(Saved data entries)
-.-.-

section \<open>A net of the unit sphere\<close>

lemma sum_exp_geometric_le:
  fixes l :: real
  assumes l: "l > 0"
  shows "(\<Sum>i\<in>{1..M}. exp (- l * real i)) \<le> 1 / l"
proof -
  define q where "q = exp (- l)"
  have q: "0 < q" "q < 1" using l by (auto simp: q_def)
  have "(\<Sum>i\<in>{1..M}. exp (- l * real i)) = (\<Sum>i\<in>{1..M}. q ^ i)"
    by (intro sum.cong refl) (simp add: q_def flip: exp_of_nat_mult)
  also have "\<dots> \<le> q / (1 - q)"
  proof (cases "M = 0")
    case False
    then have "(\<Sum>i\<in>{1..M}. q ^ i) = (q - q ^ Suc M) / (1 - q)"
      using q by (subst sum_gp) auto
    also have "\<dots> \<le> q / (1 - q)" using q by (intro divide_right_mono) auto
    finally show ?thesis .
  qed (use q in simp)
  also have "\<dots> \<le> 1 / l"
  proof -
    have "q * (1 + l) \<le> 1"
      using exp_ge_add_one_self[of l] q by (simp add: q_def exp_minus field_simps)
    then show ?thesis using q l by (simp add: field_simps)
  qed
  finally show ?thesis .
qed

lemma sum_exp_square_int_le:
  fixes l :: real
  assumes l: "l > 0"
  shows "(\<Sum>z\<in>{-int M..int M}. exp (- l * (of_int z)\<^sup>2)) \<le> 1 + 2 / l"
proof -
  let ?f = "\<lambda>z::int. exp (- l * (of_int z)\<^sup>2)"
  have split: "{-int M..int M} = uminus ` {1..int M} \<union> insert 0 {1..int M}"
    by (auto simp: image_iff intro: bexI[of _ "- _"])
  have "(\<Sum>z\<in>{-int M..int M}. ?f z) = (\<Sum>z\<in>uminus ` {1..int M}. ?f z) + (\<Sum>z\<in>insert 0 {1..int M}. ?f z)"
    unfolding split by (rule sum.union_disjoint) auto
  also have "(\<Sum>z\<in>uminus ` {1..int M}. ?f z) = (\<Sum>z\<in>{1..int M}. ?f z)"
    by (subst sum.reindex) (auto simp: inj_on_def)
  also have "(\<Sum>z\<in>insert 0 {1..int M}. ?f z) = 1 + (\<Sum>z\<in>{1..int M}. ?f z)"
    by simp
  also have "(\<Sum>z\<in>{1..int M}. ?f z) = (\<Sum>i\<in>{1..M}. ?f (int i))"
  proof -
    have "{1..int M} = int ` {1..M}" by (simp add: image_int_atLeastAtMost)
    then show ?thesis by (simp add: sum.reindex)
  qed
  also have "\<dots> \<le> (\<Sum>i\<in>{1..M}. exp (- l * real i))"
  proof (intro sum_mono)
    fix i assume "i \<in> {1..M}"
    then have "real i \<le> (real i)\<^sup>2" by (simp add: power2_eq_square)
    then show "?f (int i) \<le> exp (- l * real i)" using l by simp
  qed
  also have "\<dots> \<le> 1 / l" by (rule sum_exp_geometric_le[OF l])
  finally show ?thesis by simp
qed

definition int_box :: "nat \<Rightarrow> nat \<Rightarrow> (nat \<Rightarrow> int) set" where
  "int_box n M = PiE {..<n} (\<lambda>_. {-int M..int M})"

lemma finite_int_box: "finite (int_box n M)"
  unfolding int_box_def by (intro finite_PiE) auto

text \<open>Counting lattice points in a ball by comparing the indicator of the ball with a Gaussian
  weight exp (l (R - |k|^2)), which factorizes over the coordinates.\<close>

lemma card_int_box_sum_squares_le:
  fixes l R :: real
  assumes l: "l > 0"
  shows "real (card {k \<in> int_box n M. (\<Sum>j<n. (of_int (k j))\<^sup>2) \<le> R}) \<le> exp (l * R) * (1 + 2 / l) ^ n"
proof -
  define B where "B = {k \<in> int_box n M. (\<Sum>j<n. (of_int (k j) :: real)\<^sup>2) \<le> R}"
  define g where "g k = exp (l * (R - (\<Sum>j<n. (of_int (k j))\<^sup>2)))" for k :: "nat \<Rightarrow> int"
  have "real (card B) = (\<Sum>k\<in>B. 1)" by simp
  also have "\<dots> \<le> (\<Sum>k\<in>B. g k)"
  proof (intro sum_mono)
    fix k assume "k \<in> B"
    then have "0 \<le> l * (R - (\<Sum>j<n. (of_int (k j))\<^sup>2))" using l by (simp add: B_def)
    then show "1 \<le> g k" by (simp add: g_def)
  qed
  also have "\<dots> \<le> (\<Sum>k\<in>int_box n M. g k)"
    using finite_int_box by (intro sum_mono2) (auto simp: B_def g_def)
  also have "\<dots> = (\<Sum>k\<in>int_box n M. exp (l * R) * (\<Prod>j<n. exp (- l * (of_int (k j))\<^sup>2)))"
  proof (intro sum.cong refl)
    fix k
    have "l * (R - (\<Sum>j<n. (of_int (k j))\<^sup>2)) = l * R + (\<Sum>j<n. - l * (of_int (k j))\<^sup>2)"
      by (simp add: sum_distrib_left right_diff_distrib sum_negf)
    then show "g k = exp (l * R) * (\<Prod>j<n. exp (- l * (of_int (k j))\<^sup>2))"
      by (simp add: g_def exp_add exp_sum)
  qed
  also have "\<dots> = exp (l * R) * (\<Prod>j<n. \<Sum>z\<in>{-int M..int M}. exp (- l * (of_int z)\<^sup>2))"
  proof -
    have "(\<Prod>j<n. \<Sum>z\<in>{-int M..int M}. exp (- l * (of_int z)\<^sup>2)) =
          (\<Sum>k\<in>int_box n M. \<Prod>j<n. exp (- l * (of_int (k j))\<^sup>2))"
      unfolding int_box_def by (rule prod_sum_PiE[where f="\<lambda>_ z. exp (- l * (of_int z)\<^sup>2)"]) auto
    then show ?thesis by (simp add: sum_distrib_left)
  qed
  also have "\<dots> = exp (l * R) * (\<Sum>z\<in>{-int M..int M}. exp (- l * (of_int z)\<^sup>2)) ^ n"
    by simp
  also have "\<dots> \<le> exp (l * R) * (1 + 2 / l) ^ n"
    using sum_exp_square_int_le[OF l, of M]
    by (intro mult_left_mono power_mono) (auto intro: sum_nonneg)
  finally show ?thesis by (simp add: B_def)
qed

-.-.-

## Exercise goal
All of the records above are to be set down again exactly.

## Answer to the problem
section \<open>A net of the unit sphere\<close>

lemma sum_exp_geometric_le:
  fixes l :: real
  assumes l: "l > 0"
  shows "(\<Sum>i\<in>{1..M}. exp (- l * real i)) \<le> 1 / l"
proof -
  define q where "q = exp (- l)"
  have q: "0 < q" "q < 1" using l by (auto simp: q_def)
  have "(\<Sum>i\<in>{1..M}. exp (- l * real i)) = (\<Sum>i\<in>{1..M}. q ^ i)"
    by (intro sum.cong refl) (simp add: q_def flip: exp_of_nat_mult)
  also have "\<dots> \<le> q / (1 - q)"
  proof (cases "M = 0")
    case False
    then have "(\<Sum>i\<in>{1..M}. q ^ i) = (q - q ^ Suc M) / (1 - q)"
      using q by (subst sum_gp) auto
    also have "\<dots> \<le> q / (1 - q)" using q by (intro divide_right_mono) auto
    finally show ?thesis .
  qed (use q in simp)
  also have "\<dots> \<le> 1 / l"
  proof -
    have "q * (1 + l) \<le> 1"
      using exp_ge_add_one_self[of l] q by (simp add: q_def exp_minus field_simps)
    then show ?thesis using q l by (simp add: field_simps)
  qed
  finally show ?thesis .
qed

lemma sum_exp_square_int_le:
  fixes l :: real
  assumes l: "l > 0"
  shows "(\<Sum>z\<in>{-int M..int M}. exp (- l * (of_int z)\<^sup>2)) \<le> 1 + 2 / l"
proof -
  let ?f = "\<lambda>z::int. exp (- l * (of_int z)\<^sup>2)"
  have split: "{-int M..int M} = uminus ` {1..int M} \<union> insert 0 {1..int M}"
    by (auto simp: image_iff intro: bexI[of _ "- _"])
  have "(\<Sum>z\<in>{-int M..int M}. ?f z) = (\<Sum>z\<in>uminus ` {1..int M}. ?f z) + (\<Sum>z\<in>insert 0 {1..int M}. ?f z)"
    unfolding split by (rule sum.union_disjoint) auto
  also have "(\<Sum>z\<in>uminus ` {1..int M}. ?f z) = (\<Sum>z\<in>{1..int M}. ?f z)"
    by (subst sum.reindex) (auto simp: inj_on_def)
  also have "(\<Sum>z\<in>insert 0 {1..int M}. ?f z) = 1 + (\<Sum>z\<in>{1..int M}. ?f z)"
    by simp
  also have "(\<Sum>z\<in>{1..int M}. ?f z) = (\<Sum>i\<in>{1..M}. ?f (int i))"
  proof -
    have "{1..int M} = int ` {1..M}" by (simp add: image_int_atLeastAtMost)
    then show ?thesis by (simp add: sum.reindex)
  qed
  also have "\<dots> \<le> (\<Sum>i\<in>{1..M}. exp (- l * real i))"
  proof (intro sum_mono)
    fix i assume "i \<in> {1..M}"
    then have "real i \<le> (real i)\<^sup>2" by (simp add: power2_eq_square)
    then show "?f (int i) \<le> exp (- l * real i)" using l by simp
  qed
  also have "\<dots> \<le> 1 / l" by (rule sum_exp_geometric_le[OF l])
  finally show ?thesis by simp
qed

definition int_box :: "nat \<Rightarrow> nat \<Rightarrow> (nat \<Rightarrow> int) set" where
  "int_box n M = PiE {..<n} (\<lambda>_. {-int M..int M})"

lemma finite_int_box: "finite (int_box n M)"
  unfolding int_box_def by (intro finite_PiE) auto

text \<open>Counting lattice points in a ball by comparing the indicator of the ball with a Gaussian
  weight exp (l (R - |k|^2)), which factorizes over the coordinates.\<close>

lemma card_int_box_sum_squares_le:
  fixes l R :: real
  assumes l: "l > 0"
  shows "real (card {k \<in> int_box n M. (\<Sum>j<n. (of_int (k j))\<^sup>2) \<le> R}) \<le> exp (l * R) * (1 + 2 / l) ^ n"
proof -
  define B where "B = {k \<in> int_box n M. (\<Sum>j<n. (of_int (k j) :: real)\<^sup>2) \<le> R}"
  define g where "g k = exp (l * (R - (\<Sum>j<n. (of_int (k j))\<^sup>2)))" for k :: "nat \<Rightarrow> int"
  have "real (card B) = (\<Sum>k\<in>B. 1)" by simp
  also have "\<dots> \<le> (\<Sum>k\<in>B. g k)"
  proof (intro sum_mono)
    fix k assume "k \<in> B"
    then have "0 \<le> l * (R - (\<Sum>j<n. (of_int (k j))\<^sup>2))" using l by (simp add: B_def)
    then show "1 \<le> g k" by (simp add: g_def)
  qed
  also have "\<dots> \<le> (\<Sum>k\<in>int_box n M. g k)"
    using finite_int_box by (intro sum_mono2) (auto simp: B_def g_def)
  also have "\<dots> = (\<Sum>k\<in>int_box n M. exp (l * R) * (\<Prod>j<n. exp (- l * (of_int (k j))\<^sup>2)))"
  proof (intro sum.cong refl)
    fix k
    have "l * (R - (\<Sum>j<n. (of_int (k j))\<^sup>2)) = l * R + (\<Sum>j<n. - l * (of_int (k j))\<^sup>2)"
      by (simp add: sum_distrib_left right_diff_distrib sum_negf)
    then show "g k = exp (l * R) * (\<Prod>j<n. exp (- l * (of_int (k j))\<^sup>2))"
      by (simp add: g_def exp_add exp_sum)
  qed
  also have "\<dots> = exp (l * R) * (\<Prod>j<n. \<Sum>z\<in>{-int M..int M}. exp (- l * (of_int z)\<^sup>2))"
  proof -
    have "(\<Prod>j<n. \<Sum>z\<in>{-int M..int M}. exp (- l * (of_int z)\<^sup>2)) =
          (\<Sum>k\<in>int_box n M. \<Prod>j<n. exp (- l * (of_int (k j))\<^sup>2))"
      unfolding int_box_def by (rule prod_sum_PiE[where f="\<lambda>_ z. exp (- l * (of_int z)\<^sup>2)"]) auto
    then show ?thesis by (simp add: sum_distrib_left)
  qed
  also have "\<dots> = exp (l * R) * (\<Sum>z\<in>{-int M..int M}. exp (- l * (of_int z)\<^sup>2)) ^ n"
    by simp
  also have "\<dots> \<le> exp (l * R) * (1 + 2 / l) ^ n"
    using sum_exp_square_int_le[OF l, of M]
    by (intro mult_left_mono power_mono) (auto intro: sum_nonneg)
  finally show ?thesis by (simp add: B_def)
qed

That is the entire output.